What is expected.
Search each line below for the word "rule" and list those that contain it.

Recorded data.
----------------------------------------
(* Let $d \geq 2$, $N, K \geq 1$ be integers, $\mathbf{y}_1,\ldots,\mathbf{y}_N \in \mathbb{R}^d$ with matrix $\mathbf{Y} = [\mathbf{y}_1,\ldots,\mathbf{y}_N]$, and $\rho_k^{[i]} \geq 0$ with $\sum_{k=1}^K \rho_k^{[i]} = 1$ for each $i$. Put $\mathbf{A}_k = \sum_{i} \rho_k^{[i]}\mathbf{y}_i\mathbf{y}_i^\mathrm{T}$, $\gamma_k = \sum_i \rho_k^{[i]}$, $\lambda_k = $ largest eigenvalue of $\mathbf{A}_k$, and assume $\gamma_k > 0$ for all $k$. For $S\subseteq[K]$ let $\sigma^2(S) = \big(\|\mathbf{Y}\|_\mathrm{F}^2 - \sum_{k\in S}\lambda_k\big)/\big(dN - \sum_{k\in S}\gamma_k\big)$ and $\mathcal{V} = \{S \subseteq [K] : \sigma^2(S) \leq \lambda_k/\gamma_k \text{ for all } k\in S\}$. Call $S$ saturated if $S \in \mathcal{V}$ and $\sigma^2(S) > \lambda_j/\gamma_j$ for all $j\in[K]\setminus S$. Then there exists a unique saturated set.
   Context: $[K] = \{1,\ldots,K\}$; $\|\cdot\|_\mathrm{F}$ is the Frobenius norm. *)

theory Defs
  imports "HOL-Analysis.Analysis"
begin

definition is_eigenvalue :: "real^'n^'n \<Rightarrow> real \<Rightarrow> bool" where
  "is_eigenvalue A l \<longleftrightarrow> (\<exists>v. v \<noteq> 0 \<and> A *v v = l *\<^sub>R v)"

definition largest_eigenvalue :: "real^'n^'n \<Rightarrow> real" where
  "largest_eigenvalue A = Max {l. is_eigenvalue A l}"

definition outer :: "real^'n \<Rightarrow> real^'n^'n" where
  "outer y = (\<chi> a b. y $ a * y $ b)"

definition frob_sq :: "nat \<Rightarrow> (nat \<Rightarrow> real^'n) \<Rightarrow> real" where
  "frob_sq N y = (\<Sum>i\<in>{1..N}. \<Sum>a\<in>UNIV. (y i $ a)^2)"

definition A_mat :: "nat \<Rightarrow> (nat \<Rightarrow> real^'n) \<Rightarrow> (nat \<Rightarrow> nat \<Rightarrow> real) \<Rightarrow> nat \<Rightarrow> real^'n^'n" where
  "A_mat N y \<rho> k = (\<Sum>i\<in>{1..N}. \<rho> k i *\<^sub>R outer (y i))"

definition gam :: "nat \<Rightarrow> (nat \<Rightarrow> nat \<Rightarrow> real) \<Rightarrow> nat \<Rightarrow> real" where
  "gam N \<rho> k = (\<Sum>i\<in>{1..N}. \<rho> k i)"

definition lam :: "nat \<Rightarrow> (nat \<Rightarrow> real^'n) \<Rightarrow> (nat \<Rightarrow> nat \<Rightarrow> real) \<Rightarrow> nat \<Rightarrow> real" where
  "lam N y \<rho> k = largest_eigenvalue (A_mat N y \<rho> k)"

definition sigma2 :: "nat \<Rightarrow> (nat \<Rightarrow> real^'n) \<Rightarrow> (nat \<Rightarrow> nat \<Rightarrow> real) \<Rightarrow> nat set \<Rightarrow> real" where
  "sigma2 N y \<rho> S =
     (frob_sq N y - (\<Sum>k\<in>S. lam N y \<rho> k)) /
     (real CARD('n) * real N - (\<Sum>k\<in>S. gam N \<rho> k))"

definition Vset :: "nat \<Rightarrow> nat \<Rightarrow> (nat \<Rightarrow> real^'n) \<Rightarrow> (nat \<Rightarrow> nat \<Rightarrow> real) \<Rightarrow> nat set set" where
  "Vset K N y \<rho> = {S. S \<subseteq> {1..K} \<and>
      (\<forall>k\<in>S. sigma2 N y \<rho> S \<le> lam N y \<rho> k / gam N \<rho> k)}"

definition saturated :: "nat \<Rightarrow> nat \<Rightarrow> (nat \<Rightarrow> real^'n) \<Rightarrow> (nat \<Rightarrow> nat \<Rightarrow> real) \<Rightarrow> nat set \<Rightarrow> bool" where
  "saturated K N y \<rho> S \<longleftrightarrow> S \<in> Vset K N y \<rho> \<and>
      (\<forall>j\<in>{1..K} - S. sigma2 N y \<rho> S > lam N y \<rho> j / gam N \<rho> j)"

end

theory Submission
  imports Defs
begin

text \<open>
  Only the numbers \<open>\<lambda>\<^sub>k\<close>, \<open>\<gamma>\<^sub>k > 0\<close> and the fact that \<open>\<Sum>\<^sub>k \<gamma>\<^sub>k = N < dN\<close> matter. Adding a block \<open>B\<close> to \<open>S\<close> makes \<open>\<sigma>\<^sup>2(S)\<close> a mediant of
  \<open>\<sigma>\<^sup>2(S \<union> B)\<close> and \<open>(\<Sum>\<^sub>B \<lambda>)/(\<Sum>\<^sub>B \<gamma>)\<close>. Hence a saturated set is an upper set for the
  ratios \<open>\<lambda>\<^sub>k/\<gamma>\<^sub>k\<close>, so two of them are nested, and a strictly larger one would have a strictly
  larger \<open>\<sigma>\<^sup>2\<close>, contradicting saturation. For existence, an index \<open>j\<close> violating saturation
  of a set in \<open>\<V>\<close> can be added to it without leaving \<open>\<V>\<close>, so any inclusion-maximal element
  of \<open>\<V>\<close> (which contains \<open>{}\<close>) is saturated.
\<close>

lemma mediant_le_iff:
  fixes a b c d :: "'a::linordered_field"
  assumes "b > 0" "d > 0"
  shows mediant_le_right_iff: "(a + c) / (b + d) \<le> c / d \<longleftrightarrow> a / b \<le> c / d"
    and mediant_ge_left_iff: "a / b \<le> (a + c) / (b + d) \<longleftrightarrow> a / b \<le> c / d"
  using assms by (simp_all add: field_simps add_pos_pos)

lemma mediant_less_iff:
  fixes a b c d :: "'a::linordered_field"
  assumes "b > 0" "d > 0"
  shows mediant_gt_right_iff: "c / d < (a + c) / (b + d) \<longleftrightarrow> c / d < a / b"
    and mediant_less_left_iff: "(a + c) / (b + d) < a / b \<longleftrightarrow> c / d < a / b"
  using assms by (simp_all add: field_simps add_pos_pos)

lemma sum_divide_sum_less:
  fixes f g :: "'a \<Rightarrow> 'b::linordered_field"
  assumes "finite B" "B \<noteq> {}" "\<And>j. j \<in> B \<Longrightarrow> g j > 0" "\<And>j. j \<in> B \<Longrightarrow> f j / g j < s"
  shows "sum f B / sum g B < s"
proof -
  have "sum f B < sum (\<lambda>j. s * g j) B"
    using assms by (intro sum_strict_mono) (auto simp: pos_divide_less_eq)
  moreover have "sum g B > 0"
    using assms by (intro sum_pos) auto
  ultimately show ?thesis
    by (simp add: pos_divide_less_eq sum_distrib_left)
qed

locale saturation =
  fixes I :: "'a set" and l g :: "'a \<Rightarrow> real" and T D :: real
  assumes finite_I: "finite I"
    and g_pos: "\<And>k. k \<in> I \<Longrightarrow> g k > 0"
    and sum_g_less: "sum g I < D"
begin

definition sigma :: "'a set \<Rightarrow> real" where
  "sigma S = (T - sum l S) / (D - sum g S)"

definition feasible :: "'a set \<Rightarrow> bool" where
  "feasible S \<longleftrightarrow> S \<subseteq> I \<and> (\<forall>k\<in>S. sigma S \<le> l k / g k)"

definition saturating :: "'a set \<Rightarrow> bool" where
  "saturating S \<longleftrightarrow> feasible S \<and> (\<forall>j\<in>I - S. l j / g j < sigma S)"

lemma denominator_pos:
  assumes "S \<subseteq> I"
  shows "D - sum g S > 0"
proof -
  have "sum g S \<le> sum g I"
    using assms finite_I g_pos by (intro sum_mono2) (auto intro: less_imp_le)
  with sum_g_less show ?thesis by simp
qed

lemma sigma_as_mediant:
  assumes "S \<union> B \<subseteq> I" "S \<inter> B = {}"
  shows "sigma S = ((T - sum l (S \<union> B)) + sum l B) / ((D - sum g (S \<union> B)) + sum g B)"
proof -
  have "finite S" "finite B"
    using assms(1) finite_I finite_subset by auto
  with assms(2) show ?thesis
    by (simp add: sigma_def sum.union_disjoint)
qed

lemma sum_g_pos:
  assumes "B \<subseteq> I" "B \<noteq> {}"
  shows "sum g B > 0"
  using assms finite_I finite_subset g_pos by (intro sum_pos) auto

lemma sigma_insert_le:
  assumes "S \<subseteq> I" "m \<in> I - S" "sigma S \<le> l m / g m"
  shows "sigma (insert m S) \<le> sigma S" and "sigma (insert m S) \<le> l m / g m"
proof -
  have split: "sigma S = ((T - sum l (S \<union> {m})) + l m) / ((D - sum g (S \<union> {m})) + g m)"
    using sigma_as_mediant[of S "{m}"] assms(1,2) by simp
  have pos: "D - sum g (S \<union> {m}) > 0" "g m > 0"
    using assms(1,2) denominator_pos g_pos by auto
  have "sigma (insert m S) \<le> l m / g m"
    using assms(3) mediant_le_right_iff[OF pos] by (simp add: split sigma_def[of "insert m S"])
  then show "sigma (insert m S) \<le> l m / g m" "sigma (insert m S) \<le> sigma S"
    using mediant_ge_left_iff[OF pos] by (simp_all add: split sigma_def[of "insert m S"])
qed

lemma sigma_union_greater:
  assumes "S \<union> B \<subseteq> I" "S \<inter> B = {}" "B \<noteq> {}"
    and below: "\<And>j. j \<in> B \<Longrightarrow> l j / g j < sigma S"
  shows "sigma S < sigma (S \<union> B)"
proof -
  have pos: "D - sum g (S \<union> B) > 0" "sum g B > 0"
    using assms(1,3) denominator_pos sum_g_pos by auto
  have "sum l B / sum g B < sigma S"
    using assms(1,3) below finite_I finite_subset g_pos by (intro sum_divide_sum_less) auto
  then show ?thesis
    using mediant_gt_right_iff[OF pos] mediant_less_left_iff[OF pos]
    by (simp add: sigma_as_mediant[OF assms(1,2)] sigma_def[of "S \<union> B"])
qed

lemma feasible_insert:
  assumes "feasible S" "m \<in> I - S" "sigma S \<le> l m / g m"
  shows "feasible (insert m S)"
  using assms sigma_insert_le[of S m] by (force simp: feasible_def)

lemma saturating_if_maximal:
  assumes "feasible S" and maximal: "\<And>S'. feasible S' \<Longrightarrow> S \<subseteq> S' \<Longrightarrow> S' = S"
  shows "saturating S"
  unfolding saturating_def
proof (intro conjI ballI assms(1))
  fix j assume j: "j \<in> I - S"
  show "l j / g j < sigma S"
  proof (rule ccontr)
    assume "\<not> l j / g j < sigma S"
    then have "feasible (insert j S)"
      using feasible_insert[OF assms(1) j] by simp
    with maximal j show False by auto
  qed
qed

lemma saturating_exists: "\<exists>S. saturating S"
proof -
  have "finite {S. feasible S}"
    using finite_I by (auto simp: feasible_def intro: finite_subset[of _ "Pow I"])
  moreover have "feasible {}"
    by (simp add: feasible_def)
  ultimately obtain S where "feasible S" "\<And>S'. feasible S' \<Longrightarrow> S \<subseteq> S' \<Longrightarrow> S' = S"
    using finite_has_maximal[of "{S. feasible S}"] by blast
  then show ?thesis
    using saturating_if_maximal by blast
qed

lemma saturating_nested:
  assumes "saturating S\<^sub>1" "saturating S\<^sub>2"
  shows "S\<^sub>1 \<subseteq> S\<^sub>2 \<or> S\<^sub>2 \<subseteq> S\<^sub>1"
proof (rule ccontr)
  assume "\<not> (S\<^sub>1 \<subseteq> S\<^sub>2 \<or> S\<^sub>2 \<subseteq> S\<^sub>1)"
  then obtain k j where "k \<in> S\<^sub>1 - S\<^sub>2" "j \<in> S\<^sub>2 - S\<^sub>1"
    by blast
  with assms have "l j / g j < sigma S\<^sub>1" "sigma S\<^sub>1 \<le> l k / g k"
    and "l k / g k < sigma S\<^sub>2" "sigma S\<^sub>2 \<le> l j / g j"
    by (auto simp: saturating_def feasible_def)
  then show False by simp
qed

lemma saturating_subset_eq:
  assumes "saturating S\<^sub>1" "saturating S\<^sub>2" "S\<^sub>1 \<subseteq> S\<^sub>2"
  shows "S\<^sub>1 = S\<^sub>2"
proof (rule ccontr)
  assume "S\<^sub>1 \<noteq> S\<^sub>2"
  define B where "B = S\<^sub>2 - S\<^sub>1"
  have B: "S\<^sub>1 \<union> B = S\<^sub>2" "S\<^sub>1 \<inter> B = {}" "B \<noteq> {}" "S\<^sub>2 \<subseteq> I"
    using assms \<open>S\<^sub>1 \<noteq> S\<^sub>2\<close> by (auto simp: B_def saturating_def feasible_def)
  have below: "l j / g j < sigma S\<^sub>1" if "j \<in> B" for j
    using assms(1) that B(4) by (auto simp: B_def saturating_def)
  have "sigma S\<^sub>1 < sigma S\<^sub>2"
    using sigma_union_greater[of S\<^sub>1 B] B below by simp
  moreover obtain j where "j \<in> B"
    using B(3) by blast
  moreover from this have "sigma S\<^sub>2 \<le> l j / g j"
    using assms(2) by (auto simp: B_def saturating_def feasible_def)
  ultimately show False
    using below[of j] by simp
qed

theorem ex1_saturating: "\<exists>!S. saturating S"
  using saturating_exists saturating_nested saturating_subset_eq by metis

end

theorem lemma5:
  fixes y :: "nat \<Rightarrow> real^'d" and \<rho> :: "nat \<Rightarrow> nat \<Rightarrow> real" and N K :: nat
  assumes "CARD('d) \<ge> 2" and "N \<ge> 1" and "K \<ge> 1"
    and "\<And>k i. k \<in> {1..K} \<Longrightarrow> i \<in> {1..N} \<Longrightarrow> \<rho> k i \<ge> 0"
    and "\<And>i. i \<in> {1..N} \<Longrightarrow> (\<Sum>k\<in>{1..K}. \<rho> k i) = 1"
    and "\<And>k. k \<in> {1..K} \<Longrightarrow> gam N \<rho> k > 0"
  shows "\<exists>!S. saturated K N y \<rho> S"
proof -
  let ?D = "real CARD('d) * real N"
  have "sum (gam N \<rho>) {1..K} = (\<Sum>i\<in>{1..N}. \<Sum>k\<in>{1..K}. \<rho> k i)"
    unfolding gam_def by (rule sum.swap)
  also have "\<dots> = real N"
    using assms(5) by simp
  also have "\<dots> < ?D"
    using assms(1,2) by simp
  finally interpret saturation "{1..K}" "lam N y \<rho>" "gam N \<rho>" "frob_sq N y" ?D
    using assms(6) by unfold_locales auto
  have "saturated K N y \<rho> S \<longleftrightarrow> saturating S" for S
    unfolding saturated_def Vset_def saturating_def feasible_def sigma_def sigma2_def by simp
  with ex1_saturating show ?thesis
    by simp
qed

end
----------------------------------------
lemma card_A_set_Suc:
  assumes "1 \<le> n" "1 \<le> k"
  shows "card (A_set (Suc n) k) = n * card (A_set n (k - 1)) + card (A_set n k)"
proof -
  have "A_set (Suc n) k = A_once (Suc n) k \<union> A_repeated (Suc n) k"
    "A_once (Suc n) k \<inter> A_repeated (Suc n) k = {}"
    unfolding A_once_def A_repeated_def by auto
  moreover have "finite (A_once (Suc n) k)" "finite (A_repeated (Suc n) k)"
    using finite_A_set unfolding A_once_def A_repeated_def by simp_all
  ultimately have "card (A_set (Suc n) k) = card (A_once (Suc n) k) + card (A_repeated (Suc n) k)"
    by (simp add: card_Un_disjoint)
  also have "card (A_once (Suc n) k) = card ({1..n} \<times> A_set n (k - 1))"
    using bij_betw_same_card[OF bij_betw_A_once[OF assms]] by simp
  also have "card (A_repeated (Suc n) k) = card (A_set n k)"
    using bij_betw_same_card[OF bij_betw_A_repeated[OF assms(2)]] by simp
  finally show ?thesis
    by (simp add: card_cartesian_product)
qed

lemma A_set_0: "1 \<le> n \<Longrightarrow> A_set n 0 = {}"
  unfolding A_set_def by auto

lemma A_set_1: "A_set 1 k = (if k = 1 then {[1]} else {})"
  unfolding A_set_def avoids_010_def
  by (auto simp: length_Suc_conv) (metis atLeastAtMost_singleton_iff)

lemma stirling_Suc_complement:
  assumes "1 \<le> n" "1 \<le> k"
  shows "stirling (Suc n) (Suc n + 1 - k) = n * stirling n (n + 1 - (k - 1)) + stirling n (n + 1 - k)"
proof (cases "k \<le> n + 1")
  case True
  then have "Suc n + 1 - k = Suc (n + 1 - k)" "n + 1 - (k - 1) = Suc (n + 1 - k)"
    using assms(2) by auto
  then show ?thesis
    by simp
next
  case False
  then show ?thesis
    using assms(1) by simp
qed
----------------------------------------
Response area.
  proof (rule ccontr)
proof (rule ccontr)
proof (rule ccontr)
    unfolding gam_def by (rule sum.swap)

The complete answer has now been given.